The three core components were more money (mostly to the urban schools), ambitious academic standards and a high-stakes test that students had to pass before collecting their high school diplomas. All students were expected to learn algebra before high school. …  Also noteworthy was what the reforms did not include. Parents were not offered vouchers for private schools. The state did not close poorly performing schools, eliminate tenure for teachers or add merit pay. The reforms did allow for some charter schools, but not many. Then the state, by and large, stayed the course.

As EdTrust-Midwest describes in their Massachusetts fact sheet the state’s approach to charter schools is: “In the early 1990s, Massachusetts leaders decided to open the state’s first charter schools – on a hugely important condition: accountability for both opening and for expansion would be strong. This included intentional, regulated high-quality charter school creation with high standards, strong accountability, and a state-guided quality authorizing process.”

Another key feature of Massachusetts k-12 policy is taking teacher quality seriously. Raising standards for teachers combined with professional development of teachers on the state’s rigorous standards. As Ed Trust Midwest writes: “Accountability and high standards can only do so much; without support for teachers in the classroom, students are unlikely to learn at the high levels they need to be prepared for life after high school.”

So Massachusetts has achieved the nation’s best student achievement through:

  • setting rigorous standards for all kids and not lowering those standards when kids had trouble meeting them
  • testing aligned with those rigorous standards
  • developing teachers prepared to teach all kids the standards
  • state funding that provides more resources for poor kids
  • a limited number of charters that must meet rigorous quality standards to be able to operate (open, stay open and replicate) in the state. 

Michigan, of course has gone in a completely different direction. We have been ambiguous at best about rigorous standards and aligned tests. Have not invested in developing educators to teach rigorous standards. Moved away from preferential state funding for low income students. Instead we have relied on parental choice as the prime lever to drive student achievement. Culminating in the elimination of the cap on charters without any quality standards.

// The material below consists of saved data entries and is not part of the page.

lemma gap_bounds:
  assumes \<sigma>: "\<sigma> = 1 \<or> \<sigma> = -1" and g: "corrector G V (integral {0..1} f + \<sigma> * c) g" and c: "0 < c"
    and range: "\<And>x. x \<in> {0..1} \<Longrightarrow> g x \<in> {R1..R2} \<and> f x \<in> {R1..R2}"
    and Ka: "\<And>p. p \<in> {R1..R2} \<Longrightarrow> \<bar>G' p\<bar> \<le> Ka" and Kp: "\<And>p. p \<in> {R1..R2} \<Longrightarrow> \<bar>G'' p\<bar> \<le> Kp"
  obtains \<kappa> where "c * exp (- 2 * Ka) \<le> \<kappa>"
    and "\<And>x. x \<in> {0..1} \<Longrightarrow> 0 < \<sigma> * (g x - f x) \<and> \<sigma> * (g x - f x) \<le> c * exp (4 * Ka)"
    and "\<And>x. x \<in> {0..1} \<Longrightarrow> \<kappa> * exp (- K1 - 2 * (Kp * c * exp (4 * Ka))) \<le> \<sigma> * (g x - f x) \<and>
      \<sigma> * (g x - f x) \<le> \<kappa> * exp (K1 + 2 * (Kp * c * exp (4 * Ka)))"
proof -
  define a where "a x = secant_slope G G' (g x) (f x)" for x
  define k where "k x = \<sigma> * (g x - f x)" for x
  obtain s where k_deriv: "\<And>x. (k has_real_derivative s - a x * k x) (at x within {0..1})"
    unfolding k_def a_def using corrector_gap_linear_ode[OF G_deriv f_corrector g] by blast
  have a_cont: "continuous_on {0..1} a"
    unfolding a_def by (rule continuous_on_secant_slope_correctors[OF G_deriv G'_cont f_corrector g])
  have k_per: "k 1 = k 0"
    using corrector_periodic[OF f_corrector] corrector_periodic[OF g] by (simp add: k_def)
  have k_mean: "integral {0..1} k = c"
    unfolding k_def by (rule integral_signed_gap[OF \<sigma> g])
  have a_bound: "\<bar>a x\<bar> \<le> Ka" if "x \<in> {0..1}" for x
    unfolding a_def using range[OF that] by (intro abs_secant_slope_le[OF G_deriv _ _ Ka]) auto
  have k0: "c * exp (- 2 * Ka) \<le> k 0" and k_small: "\<And>x. x \<in> {0..1} \<Longrightarrow> k x \<le> c * exp (4 * Ka)"
    using periodic_linear_ode_bounds_by_mean[OF a_cont k_deriv k_per k_mean c a_bound] by blast+
  have k_pos: "0 < k x" if "x \<in> {0..1}" for x
    using periodic_linear_ode_pos[OF a_cont k_deriv k_per _ that] k_mean c by simp
  have a_close: "\<bar>a x - G' (f x)\<bar> \<le> Kp * c * exp (4 * Ka)" if x: "x \<in> {0..1}" for x
  proof -
    have "\<bar>a x - G' (f x)\<bar> \<le> Kp * \<bar>g x - f x\<bar>"
      unfolding a_def using range[OF x] by (intro abs_secant_slope_minus_deriv_le[OF G_deriv G'_deriv _ _ Kp]) auto
    also have "\<bar>g x - f x\<bar> = k x"
      using k_pos[OF x] \<sigma> by (auto simp: k_def)
    also have "Kp * k x \<le> Kp * (c * exp (4 * Ka))"
      using k_small[OF x] Kp[of "f x"] range[OF x] by (intro mult_left_mono) auto
    finally show ?thesis
      by (simp add: mult.assoc)
  qed
  have G'f_cont: "continuous_on {0..1} (\<lambda>x. G' (f x))"
    using continuous_on_compose2[OF G'_cont corrector_continuous[OF f_corrector]] by auto
  have "k 0 * exp (- K1 - 2 * (Kp * c * exp (4 * Ka))) \<le> k x \<and> k x \<le> k 0 * exp (K1 + 2 * (Kp * c * exp (4 * Ka)))"
    if "x \<in> {0..1}" for x
    using periodic_linear_ode_pinched[OF a_cont k_deriv k_per k_pos G'f_cont f_mean_slope K1 a_close that]
      by simp
  with k0 k_pos k_small show thesis
    by (intro that[of "k 0"]) (auto simp: k_def)
qed


lemma mean_slope_le_second_variation:
  assumes \<sigma>: "\<sigma> = 1 \<or> \<sigma> = -1" and g: "corrector G V (integral {0..1} f + \<sigma> * c) g"
    and sign: "\<And>x. x \<in> {0..1} \<Longrightarrow> \<sigma> * (g x - f x) = \<bar>g x - f x\<bar>"
    and near: "\<And>x p. x \<in> {0..1} \<Longrightarrow> min (g x) (f x) \<le> p \<Longrightarrow> p \<le> max (g x) (f x) \<Longrightarrow>
      G'' p \<le> G'' (f x) + \<epsilon>"
  shows "\<sigma> * integral {0..1} (\<lambda>x. G' (g x))
    \<le> integral {0..1} (\<lambda>x. G'' (f x) * (\<sigma> * (g x - f x))) + \<epsilon> * c"
proof -
  define k where "k x = \<sigma> * (g x - f x)" for x
  have g_cont: "continuous_on UNIV g" and f_cont: "continuous_on UNIV f"
    using corrector_continuous[OF g] corrector_continuous[OF f_corrector] .
  have "continuous_on UNIV (\<lambda>x. G' (g x))" "continuous_on UNIV (\<lambda>x. G' (f x))"
    "continuous_on UNIV (\<lambda>x. G'' (f x) * k x)" "continuous_on UNIV (\<lambda>x. \<epsilon> * k x)"
    "continuous_on UNIV (\<lambda>x. \<sigma> * (G' (g x) - G' (f x)))"
    using continuous_on_compose2[OF G'_cont g_cont] continuous_on_compose2[OF G'_cont f_cont]
      continuous_on_compose2[OF G''_cont f_cont] g_cont f_cont
    by (auto simp: k_def intro!: continuous_intros)
  then have int: "(\<lambda>x. G' (g x)) integrable_on {0..1}" "(\<lambda>x. G' (f x)) integrable_on {0..1}"
    "(\<lambda>x. G'' (f x) * k x) integrable_on {0..1}" "(\<lambda>x. \<epsilon> * k x) integrable_on {0..1}"
    "(\<lambda>x. \<sigma> * (G' (g x) - G' (f x))) integrable_on {0..1}"
    by (auto intro: integrable_continuous_interval continuous_on_subset)
  have pointwise: "\<sigma> * (G' (g x) - G' (f x)) \<le> G'' (f x) * k x + \<epsilon> * k x" if x: "x \<in> {0..1}" for x
    using deriv_increment_le[OF G'_deriv near[OF x] sign[OF x]] sign[OF x]
    by (simp add: k_def algebra_simps)
  have "\<sigma> * integral {0..1} (\<lambda>x. G' (g x)) = integral {0..1} (\<lambda>x. \<sigma> * (G' (g x) - G' (f x)))"
    using int f_mean_slope by (simp add: integral_diff)
  also have "\<dots> \<le> integral {0..1} (\<lambda>x. G'' (f x) * k x + \<epsilon> * k x)"
    using int pointwise by (intro integral_le integrable_add) auto
  also have "\<dots> = integral {0..1} (\<lambda>x. G'' (f x) * k x) + \<epsilon> * c"
    using int integral_signed_gap[OF \<sigma> g] by (simp add: integral_add k_def[abs_def])
  finally show ?thesis
    unfolding k_def .
qed

lemma mean_slope_estimate:
  assumes \<sigma>: "\<sigma> = 1 \<or> \<sigma> = -1" and g: "corrector G V (integral {0..1} f + \<sigma> * c) g" and c: "0 < c"
    and range: "\<And>x. x \<in> {0..1} \<Longrightarrow> g x \<in> {R1..R2} \<and> f x \<in> {R1..R2}"
    and Ka: "\<And>p. p \<in> {R1..R2} \<Longrightarrow> \<bar>G' p\<bar> \<le> Ka" and Kp: "\<And>p. p \<in> {R1..R2} \<Longrightarrow> \<bar>G'' p\<bar> \<le> Kp"
    and uc: "\<And>p q. p \<in> {R1..R2} \<Longrightarrow> q \<in> {R1..R2} \<Longrightarrow> \<bar>p - q\<bar> \<le> c * exp (4 * Ka) \<Longrightarrow>
      \<bar>G'' p - G'' q\<bar> \<le> \<epsilon>"
  obtains \<kappa> where "c * exp (- 2 * Ka) \<le> \<kappa>"
    and "\<sigma> * integral {0..1} (\<lambda>x. G' (g x))
      \<le> \<kappa> * second_variation_bound (Kp * c * exp (4 * Ka)) + \<epsilon> * c"
proof -
  define \<delta> where "\<delta> = Kp * c * exp (4 * Ka)"
  define k where "k x = \<sigma> * (g x - f x)" for x
  obtain \<kappa> where \<kappa>: "c * exp (- 2 * Ka) \<le> \<kappa>"
    and k_small: "\<And>x. x \<in> {0..1} \<Longrightarrow> 0 < k x \<and> k x \<le> c * exp (4 * Ka)"
    and k_near: "\<And>x. x \<in> {0..1} \<Longrightarrow> \<kappa> * exp (- K1 - 2 * \<delta>) \<le> k x \<and> k x \<le> \<kappa> * exp (K1 + 2 * \<delta>)"
    using gap_bounds[OF \<sigma> g c range Ka Kp] unfolding k_def \<delta>_def by blast
  have sign: "\<sigma> * (g x - f x) = \<bar>g x - f x\<bar>" if "x \<in> {0..1}" for x
    using k_small[OF that] \<sigma> by (auto simp: k_def)
  have near: "G'' p \<le> G'' (f x) + \<epsilon>"
    if x: "x \<in> {0..1}" and p: "min (g x) (f x) \<le> p" "p \<le> max (g x) (f x)" for x p
  proof -
    have "\<bar>p - f x\<bar> \<le> c * exp (4 * Ka)" "p \<in> {R1..R2}"
      using p sign[OF x] k_small[OF x] range[OF x] by (auto simp: k_def)
    then show ?thesis
      using uc[of p "f x"] range[OF x] by auto
  qed
  have "continuous_on {0..1} (\<lambda>x. G'' (f x) * k x)"
    using continuous_on_compose2[OF G''_cont corrector_continuous[OF f_corrector]]
      corrector_continuous[OF f_corrector] corrector_continuous[OF g]
    by (auto simp: k_def intro!: continuous_intros)
  then have "integral {0..1} (\<lambda>x. G'' (f x) * k x)
      \<le> ((L - ell) * G'' p1 + (1 - L - ell) * G'' p2) * (\<kappa> * exp (- K1 - 2 * \<delta>))
        + 2 * ell * K2 * (\<kappa> * exp (K1 + 2 * \<delta>))"
  proof (rule integral_two_phase_bound)
    have "0 < c * exp (- 2 * Ka)"
      using c by simp
    with \<kappa> show "0 \<le> \<kappa> * exp (- K1 - 2 * \<delta>)"
      by simp
  qed (use ell f_low f_high G''_nonpos K2 k_near in auto)
  also have "\<dots> = \<kappa> * second_variation_bound \<delta>"
    by (simp add: second_variation_bound_def algebra_simps)
  finally show thesis
    using mean_slope_le_second_variation[OF \<sigma> g sign near] \<kappa>
    by (intro that[of \<kappa>]) (simp_all add: k_def \<delta>_def)
qed
(* Let $t>0$ and let $\gamma\in\mathbb{R}^p$ be a deterministic target vector satisfying \[ \big\langle \widehat\Sigma_\lambda\big((I_p+t\widehat\Sigma_\lambda)^{-1}-\exp(-t\widehat\Sigma_\lambda)\big)\beta_\lambda,\ \gamma-\beta_\lambda\big\rangle\ge 0 . \] Then the prediction risk of gradient flow at time $t$ is bounded by that of ridge regression with penalty $\lambda+1/t$: \[ \mathbb{E}\big[\|\widehat\Sigma_\lambda^{1/2}(\hat\beta^{\mathrm{GF}}_{\lambda,t}-\gamma)\|^2\,\big|\,X\big]\le 1.2985^2\,\mathbb{E}\big[\|\widehat\Sigma_\lambda^{1/2}(\hat\beta_{\lambda+1/t}-\gamma)\|^2\,\big|\,X\big]. \] Moreover, the condition on $\gamma$ (and hence this risk bound) holds in particular for every $\gamma=\beta_{\lambda'}=\widehat\Sigma_{\lambda'}^{-1}\widehat\Sigma\beta_0$ with $\lambda'\in[0,\lambda]$.
   Context: Linear model $y=X\beta_0+\varepsilon$ with i.i.d. observations $(x_i,y_i)$, $x_i\in\mathbb{R}^p$, $\mathbb{E}[\varepsilon_i|x_i]=0$, $\mathrm{Var}(\varepsilon_i|x_i)=\sigma^2$; $\beta_0=X^+X\beta_0$. Let $\widehat\Sigma=\frac1nX^\top X$, $\widehat\Sigma_\lambda=\widehat\Sigma+\lambda I_p$ for $\lambda\ge0$ (with $\widehat\Sigma_0^{-1}=\widehat\Sigma^+$), $y_\lambda=\frac1n\widehat\Sigma_\lambda^{-1/2}X^\top y$, $\beta_\lambda=\widehat\Sigma_\lambda^{-1}\widehat\Sigma\beta_0$. The ridge estimator with penalty $\lambda'>0$ is $\hat\beta_{\lambda'}=\widehat\Sigma_{\lambda'}^{-1}\frac1nX^\top y$, and the gradient flow estimator for the ridge criterion with penalty $\lambda$ is $\hat\beta^{\mathrm{GF}}_{\lambda,t}=\widehat\Sigma_\lambda^{-1/2}(I_p-\exp(-t\widehat\Sigma_\lambda))y_\lambda$, $t\ge0$. *)

theory Defs
  imports "HOL-Analysis.Analysis" "HOL-Probability.Probability"
begin

definition diag_mat :: "('n::finite \<Rightarrow> real) \<Rightarrow> real^'n^'n" where
  "diag_mat d = (\<chi> i j. if i = j then d i else 0)"

text \<open>Spectral functional calculus for a real symmetric matrix A:
  if A = U diag(d) U^T with U orthogonal, then f(A) = U diag(f o d) U^T.
  (For symmetric A such a decomposition exists and f(A) does not depend on it.)\<close>
definition mat_fun :: "(real \<Rightarrow> real) \<Rightarrow> real^'n^'n \<Rightarrow> real^'n::finite^'n" where
  "mat_fun f A =
     (let (U, d) = (SOME (U, d). orthogonal_matrix U \<and> A = U ** diag_mat d ** transpose U)
      in U ** diag_mat (\<lambda>i. f (d i)) ** transpose U)"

The bottom line: the Massachusetts approach has worked, Michigan’s hasn’t. The United States Chamber of Commerce Foundation Leaders & Laggards: A State-by-State Report Card on Educational Effectiveness gives Michigan an overall grade of D. For academic achievement a D and for academic achievement low income/minority an F. Maybe more concerning, the report gives Michigan an F in both categories for progress since 2007. Massachusetts received an overall grade of A. For academic achievement an A and for academic achievement low income/minority an A. In terms of progress since 2007 the report gives Massachusetts a B for academic achievement and an A for academic achievement low income/minority.

Seems like its time for Michigan to move away from unregulated school choice and to learn from the state with the highest student achievement in the country.